● Exercise description: Go through the data below. Pull out every line that has the word "exists".

● Provided information:
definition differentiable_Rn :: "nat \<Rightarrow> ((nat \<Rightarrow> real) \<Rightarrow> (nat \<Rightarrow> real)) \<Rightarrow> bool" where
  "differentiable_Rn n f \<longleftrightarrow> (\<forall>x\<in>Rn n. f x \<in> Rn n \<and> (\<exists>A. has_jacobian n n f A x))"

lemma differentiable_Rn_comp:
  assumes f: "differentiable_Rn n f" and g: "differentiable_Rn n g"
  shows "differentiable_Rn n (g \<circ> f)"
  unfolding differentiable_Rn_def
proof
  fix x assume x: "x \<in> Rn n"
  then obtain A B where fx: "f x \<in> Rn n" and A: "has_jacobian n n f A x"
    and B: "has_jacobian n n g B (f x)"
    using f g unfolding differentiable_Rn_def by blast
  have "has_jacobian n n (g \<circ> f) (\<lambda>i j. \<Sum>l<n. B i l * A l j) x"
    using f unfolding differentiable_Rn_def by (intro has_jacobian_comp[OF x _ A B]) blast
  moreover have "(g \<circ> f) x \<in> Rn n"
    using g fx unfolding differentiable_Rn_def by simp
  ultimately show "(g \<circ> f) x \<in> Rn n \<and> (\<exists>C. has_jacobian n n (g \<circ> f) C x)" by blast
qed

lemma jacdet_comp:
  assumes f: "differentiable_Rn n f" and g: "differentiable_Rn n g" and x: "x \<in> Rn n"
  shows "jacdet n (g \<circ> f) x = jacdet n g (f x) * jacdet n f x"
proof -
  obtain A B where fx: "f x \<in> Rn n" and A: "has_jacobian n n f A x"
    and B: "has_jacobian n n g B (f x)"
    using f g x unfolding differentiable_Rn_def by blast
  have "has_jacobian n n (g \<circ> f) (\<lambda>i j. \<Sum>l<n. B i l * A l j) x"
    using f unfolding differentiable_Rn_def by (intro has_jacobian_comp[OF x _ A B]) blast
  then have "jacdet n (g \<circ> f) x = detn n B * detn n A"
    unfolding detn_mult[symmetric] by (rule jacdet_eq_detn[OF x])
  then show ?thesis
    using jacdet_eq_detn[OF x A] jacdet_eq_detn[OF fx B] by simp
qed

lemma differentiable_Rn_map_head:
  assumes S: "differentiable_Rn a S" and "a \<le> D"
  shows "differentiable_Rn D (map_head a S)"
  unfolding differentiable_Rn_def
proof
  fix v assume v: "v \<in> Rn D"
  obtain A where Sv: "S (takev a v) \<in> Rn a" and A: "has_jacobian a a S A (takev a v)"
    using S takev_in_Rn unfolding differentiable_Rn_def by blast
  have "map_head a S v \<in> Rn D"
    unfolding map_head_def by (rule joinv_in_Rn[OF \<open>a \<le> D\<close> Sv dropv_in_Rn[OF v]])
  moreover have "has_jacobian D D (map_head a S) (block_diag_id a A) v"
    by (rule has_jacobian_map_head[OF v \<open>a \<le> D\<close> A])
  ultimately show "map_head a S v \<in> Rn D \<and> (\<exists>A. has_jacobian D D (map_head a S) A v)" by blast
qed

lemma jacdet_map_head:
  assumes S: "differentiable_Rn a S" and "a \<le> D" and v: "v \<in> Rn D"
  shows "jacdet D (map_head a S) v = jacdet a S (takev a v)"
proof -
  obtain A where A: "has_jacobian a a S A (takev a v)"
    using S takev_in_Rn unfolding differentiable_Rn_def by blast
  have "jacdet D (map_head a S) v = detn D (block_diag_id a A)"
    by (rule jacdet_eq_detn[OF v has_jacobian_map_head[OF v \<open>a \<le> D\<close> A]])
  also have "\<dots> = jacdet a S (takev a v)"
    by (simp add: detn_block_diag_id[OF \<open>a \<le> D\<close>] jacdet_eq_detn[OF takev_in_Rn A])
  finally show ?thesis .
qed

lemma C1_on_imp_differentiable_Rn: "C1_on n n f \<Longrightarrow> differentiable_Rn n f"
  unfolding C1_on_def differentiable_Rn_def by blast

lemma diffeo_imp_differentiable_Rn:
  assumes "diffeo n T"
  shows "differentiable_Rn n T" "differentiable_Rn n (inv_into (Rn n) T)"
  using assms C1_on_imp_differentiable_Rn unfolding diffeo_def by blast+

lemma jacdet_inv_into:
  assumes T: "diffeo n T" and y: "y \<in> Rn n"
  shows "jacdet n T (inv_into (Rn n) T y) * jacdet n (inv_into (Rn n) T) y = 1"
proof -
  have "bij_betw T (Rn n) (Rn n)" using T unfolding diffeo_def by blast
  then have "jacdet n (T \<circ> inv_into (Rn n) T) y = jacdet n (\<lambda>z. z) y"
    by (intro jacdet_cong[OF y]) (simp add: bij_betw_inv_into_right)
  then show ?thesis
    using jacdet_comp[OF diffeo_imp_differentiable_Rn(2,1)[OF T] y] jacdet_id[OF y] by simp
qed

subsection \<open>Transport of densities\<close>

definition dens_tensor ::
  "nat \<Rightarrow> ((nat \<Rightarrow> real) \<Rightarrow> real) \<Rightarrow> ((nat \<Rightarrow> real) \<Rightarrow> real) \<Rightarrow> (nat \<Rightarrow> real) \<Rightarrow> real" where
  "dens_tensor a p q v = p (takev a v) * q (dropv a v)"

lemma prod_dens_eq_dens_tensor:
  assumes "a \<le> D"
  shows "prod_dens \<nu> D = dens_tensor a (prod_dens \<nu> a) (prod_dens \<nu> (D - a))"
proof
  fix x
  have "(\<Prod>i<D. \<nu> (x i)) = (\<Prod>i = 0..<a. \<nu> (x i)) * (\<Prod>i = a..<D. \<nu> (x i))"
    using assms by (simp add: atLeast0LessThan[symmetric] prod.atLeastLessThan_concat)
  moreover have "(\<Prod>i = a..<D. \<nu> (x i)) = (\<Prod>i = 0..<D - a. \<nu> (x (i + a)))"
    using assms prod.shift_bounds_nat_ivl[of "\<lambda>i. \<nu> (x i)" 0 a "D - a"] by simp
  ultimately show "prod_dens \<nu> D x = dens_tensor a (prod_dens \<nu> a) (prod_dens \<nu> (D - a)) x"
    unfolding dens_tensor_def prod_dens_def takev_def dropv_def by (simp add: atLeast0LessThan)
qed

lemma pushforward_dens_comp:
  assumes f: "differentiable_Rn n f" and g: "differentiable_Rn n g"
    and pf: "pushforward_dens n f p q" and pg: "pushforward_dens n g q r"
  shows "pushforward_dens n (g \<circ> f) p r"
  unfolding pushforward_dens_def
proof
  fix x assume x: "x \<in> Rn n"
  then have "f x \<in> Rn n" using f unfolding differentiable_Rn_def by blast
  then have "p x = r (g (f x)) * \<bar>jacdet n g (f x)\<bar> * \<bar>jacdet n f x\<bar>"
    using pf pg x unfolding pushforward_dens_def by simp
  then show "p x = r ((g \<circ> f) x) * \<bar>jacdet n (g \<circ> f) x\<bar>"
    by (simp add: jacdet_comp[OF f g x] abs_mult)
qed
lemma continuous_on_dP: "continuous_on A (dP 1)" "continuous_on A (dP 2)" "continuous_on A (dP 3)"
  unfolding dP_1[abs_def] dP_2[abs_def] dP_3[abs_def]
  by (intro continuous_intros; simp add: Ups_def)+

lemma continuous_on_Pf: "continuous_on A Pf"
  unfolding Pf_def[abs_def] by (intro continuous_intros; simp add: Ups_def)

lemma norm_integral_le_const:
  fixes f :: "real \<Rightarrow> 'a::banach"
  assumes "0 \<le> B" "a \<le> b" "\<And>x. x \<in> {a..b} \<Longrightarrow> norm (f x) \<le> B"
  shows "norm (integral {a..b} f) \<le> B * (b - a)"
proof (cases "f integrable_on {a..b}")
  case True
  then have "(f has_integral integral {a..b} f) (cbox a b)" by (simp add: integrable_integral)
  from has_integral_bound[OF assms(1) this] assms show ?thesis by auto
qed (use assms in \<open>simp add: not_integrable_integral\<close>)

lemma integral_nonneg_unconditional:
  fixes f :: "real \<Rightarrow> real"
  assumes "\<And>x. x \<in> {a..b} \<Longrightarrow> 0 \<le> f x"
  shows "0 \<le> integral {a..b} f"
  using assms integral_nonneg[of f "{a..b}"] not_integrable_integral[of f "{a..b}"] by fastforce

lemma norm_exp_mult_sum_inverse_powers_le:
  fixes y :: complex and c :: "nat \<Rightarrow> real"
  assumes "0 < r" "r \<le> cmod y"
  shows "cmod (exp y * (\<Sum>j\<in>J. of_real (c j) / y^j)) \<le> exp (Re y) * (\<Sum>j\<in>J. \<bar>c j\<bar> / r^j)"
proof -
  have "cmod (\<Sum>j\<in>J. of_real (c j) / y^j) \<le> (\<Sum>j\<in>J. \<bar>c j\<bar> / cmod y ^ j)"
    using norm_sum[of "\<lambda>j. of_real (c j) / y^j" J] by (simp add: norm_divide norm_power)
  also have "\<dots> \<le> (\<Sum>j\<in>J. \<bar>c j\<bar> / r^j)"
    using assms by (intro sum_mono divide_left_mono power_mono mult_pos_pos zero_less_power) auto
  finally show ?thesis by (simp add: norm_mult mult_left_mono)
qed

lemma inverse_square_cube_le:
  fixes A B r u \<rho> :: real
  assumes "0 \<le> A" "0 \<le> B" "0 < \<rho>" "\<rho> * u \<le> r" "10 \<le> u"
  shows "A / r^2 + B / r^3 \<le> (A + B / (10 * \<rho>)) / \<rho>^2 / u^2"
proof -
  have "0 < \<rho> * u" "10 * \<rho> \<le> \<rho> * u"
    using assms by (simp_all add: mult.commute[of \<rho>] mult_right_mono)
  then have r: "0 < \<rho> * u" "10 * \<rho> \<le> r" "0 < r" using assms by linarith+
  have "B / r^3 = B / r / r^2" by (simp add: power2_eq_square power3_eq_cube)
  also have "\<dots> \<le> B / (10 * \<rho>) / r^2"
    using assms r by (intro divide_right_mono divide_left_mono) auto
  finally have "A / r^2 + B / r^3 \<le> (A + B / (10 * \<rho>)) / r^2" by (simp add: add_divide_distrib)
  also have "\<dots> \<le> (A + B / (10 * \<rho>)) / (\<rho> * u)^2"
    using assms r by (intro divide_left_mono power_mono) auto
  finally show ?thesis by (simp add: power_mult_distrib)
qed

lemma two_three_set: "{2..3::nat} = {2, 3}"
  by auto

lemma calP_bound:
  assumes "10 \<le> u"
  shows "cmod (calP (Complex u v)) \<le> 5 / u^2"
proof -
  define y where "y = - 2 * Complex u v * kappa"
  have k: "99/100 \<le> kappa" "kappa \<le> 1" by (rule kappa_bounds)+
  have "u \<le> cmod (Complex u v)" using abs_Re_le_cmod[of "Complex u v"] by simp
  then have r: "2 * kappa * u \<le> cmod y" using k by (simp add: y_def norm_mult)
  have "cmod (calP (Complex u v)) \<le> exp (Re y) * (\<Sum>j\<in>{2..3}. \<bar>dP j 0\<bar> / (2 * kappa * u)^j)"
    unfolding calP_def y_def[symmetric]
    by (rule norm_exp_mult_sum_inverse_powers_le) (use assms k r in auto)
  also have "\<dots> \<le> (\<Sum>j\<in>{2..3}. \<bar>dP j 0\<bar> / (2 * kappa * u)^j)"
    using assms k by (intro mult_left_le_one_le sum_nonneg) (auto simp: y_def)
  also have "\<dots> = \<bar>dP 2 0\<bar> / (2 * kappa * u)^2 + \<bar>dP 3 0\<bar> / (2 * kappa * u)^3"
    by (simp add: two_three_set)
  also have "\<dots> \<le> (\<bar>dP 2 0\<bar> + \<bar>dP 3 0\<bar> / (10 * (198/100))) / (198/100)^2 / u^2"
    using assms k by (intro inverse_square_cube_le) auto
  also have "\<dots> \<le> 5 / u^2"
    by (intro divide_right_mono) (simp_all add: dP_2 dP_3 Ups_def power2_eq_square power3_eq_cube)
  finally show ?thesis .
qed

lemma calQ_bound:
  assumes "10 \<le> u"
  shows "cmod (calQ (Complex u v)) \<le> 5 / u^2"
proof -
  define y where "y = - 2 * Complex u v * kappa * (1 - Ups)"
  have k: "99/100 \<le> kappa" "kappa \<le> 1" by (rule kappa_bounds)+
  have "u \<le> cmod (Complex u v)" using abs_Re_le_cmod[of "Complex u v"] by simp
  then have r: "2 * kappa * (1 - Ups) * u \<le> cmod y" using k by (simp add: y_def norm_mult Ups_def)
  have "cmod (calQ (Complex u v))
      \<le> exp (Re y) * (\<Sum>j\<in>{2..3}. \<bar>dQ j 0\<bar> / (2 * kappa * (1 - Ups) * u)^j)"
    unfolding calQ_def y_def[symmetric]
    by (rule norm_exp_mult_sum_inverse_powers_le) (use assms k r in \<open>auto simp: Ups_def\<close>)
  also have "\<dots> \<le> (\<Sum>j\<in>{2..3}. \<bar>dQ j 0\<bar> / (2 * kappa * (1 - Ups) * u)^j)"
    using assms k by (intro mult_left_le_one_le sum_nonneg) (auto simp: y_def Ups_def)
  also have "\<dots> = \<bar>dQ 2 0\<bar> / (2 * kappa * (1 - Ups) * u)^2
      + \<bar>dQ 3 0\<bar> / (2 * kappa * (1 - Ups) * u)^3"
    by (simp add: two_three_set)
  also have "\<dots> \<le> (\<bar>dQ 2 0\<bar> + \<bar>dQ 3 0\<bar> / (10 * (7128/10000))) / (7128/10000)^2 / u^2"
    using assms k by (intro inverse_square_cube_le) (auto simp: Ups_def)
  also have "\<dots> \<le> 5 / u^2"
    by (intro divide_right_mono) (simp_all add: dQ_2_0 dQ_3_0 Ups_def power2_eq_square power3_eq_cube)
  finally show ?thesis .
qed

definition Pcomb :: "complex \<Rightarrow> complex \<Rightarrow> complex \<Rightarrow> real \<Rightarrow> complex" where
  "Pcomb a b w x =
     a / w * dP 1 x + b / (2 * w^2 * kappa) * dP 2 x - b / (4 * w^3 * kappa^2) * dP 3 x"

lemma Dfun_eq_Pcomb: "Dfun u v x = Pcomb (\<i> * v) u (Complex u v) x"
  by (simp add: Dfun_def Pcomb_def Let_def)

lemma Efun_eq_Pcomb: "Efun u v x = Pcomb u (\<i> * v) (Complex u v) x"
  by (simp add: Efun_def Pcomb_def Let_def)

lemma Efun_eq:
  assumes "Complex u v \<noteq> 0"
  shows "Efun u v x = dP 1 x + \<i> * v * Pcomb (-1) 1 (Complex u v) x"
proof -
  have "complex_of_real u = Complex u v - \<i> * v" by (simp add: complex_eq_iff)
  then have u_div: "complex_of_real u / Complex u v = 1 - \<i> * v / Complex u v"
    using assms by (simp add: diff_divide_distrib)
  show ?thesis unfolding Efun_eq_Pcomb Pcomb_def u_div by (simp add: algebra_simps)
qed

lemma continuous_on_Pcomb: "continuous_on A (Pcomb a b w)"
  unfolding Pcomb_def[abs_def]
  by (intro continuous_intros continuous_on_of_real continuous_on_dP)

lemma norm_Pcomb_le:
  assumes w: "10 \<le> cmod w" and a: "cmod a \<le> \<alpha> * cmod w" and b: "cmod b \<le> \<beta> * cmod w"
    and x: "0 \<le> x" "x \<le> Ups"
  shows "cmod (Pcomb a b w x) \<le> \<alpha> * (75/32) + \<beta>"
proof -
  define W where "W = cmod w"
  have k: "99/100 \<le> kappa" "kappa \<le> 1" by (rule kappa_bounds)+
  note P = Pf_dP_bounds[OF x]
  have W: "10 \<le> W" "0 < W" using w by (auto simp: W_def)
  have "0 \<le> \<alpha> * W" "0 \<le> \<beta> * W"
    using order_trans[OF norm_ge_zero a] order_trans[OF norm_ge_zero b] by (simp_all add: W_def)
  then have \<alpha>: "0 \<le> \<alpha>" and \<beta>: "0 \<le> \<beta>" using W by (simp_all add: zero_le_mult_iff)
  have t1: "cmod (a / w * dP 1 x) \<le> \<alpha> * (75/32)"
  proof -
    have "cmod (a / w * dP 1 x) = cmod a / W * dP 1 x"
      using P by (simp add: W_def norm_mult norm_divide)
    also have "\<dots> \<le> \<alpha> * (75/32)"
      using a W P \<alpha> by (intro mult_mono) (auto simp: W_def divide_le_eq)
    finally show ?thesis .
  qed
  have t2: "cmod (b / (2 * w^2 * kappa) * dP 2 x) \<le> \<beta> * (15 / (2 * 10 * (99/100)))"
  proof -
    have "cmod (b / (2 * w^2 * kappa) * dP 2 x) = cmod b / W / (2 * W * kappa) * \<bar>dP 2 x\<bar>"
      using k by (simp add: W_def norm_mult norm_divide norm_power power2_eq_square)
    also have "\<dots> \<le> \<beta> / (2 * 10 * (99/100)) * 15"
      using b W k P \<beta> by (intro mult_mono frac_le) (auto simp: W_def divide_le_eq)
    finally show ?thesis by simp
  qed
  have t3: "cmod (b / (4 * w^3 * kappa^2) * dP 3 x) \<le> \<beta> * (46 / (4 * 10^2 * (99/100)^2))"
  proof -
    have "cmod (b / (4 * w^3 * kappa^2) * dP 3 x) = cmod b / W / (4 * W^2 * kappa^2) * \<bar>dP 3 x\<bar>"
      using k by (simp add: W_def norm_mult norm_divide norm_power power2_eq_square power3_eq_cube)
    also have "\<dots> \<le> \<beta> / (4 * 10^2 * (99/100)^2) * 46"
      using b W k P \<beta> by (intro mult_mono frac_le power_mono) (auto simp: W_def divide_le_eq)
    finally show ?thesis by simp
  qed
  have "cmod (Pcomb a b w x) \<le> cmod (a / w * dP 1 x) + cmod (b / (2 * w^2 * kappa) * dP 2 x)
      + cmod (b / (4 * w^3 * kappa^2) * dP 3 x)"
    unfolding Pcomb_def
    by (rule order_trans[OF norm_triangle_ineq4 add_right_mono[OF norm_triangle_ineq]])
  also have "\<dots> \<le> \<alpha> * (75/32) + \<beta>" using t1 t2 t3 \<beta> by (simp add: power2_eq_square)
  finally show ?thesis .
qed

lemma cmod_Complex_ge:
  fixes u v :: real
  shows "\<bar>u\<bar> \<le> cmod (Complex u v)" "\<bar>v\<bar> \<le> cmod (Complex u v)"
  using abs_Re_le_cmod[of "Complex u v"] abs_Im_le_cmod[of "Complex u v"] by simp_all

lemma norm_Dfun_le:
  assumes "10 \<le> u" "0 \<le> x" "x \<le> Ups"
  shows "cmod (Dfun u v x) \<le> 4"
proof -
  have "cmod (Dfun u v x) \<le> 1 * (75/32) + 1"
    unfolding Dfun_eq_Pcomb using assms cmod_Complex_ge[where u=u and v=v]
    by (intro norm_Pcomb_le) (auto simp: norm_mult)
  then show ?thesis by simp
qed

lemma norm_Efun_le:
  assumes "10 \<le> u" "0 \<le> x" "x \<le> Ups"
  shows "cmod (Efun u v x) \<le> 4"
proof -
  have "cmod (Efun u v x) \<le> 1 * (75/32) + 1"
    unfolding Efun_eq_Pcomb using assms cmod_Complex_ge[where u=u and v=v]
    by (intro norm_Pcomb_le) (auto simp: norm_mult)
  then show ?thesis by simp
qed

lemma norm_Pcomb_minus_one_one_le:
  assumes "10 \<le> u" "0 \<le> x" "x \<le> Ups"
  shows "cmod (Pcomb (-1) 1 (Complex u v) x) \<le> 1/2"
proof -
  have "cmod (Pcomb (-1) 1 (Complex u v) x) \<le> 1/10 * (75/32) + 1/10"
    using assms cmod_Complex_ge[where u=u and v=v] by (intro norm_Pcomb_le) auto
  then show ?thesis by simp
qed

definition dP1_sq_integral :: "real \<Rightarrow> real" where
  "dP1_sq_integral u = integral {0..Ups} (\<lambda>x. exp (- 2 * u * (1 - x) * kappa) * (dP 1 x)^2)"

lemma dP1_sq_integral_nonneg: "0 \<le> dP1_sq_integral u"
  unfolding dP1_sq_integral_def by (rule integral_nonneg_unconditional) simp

● Result of this task:
  "differentiable_Rn n f \<longleftrightarrow> (\<forall>x\<in>Rn n. f x \<in> Rn n \<and> (\<exists>A. has_jacobian n n f A x))"
  ultimately show "(g \<circ> f) x \<in> Rn n \<and> (\<exists>C. has_jacobian n n (g \<circ> f) C x)" by blast
  ultimately show "map_head a S v \<in> Rn D \<and> (\<exists>A. has_jacobian D D (map_head a S) A v)" by blast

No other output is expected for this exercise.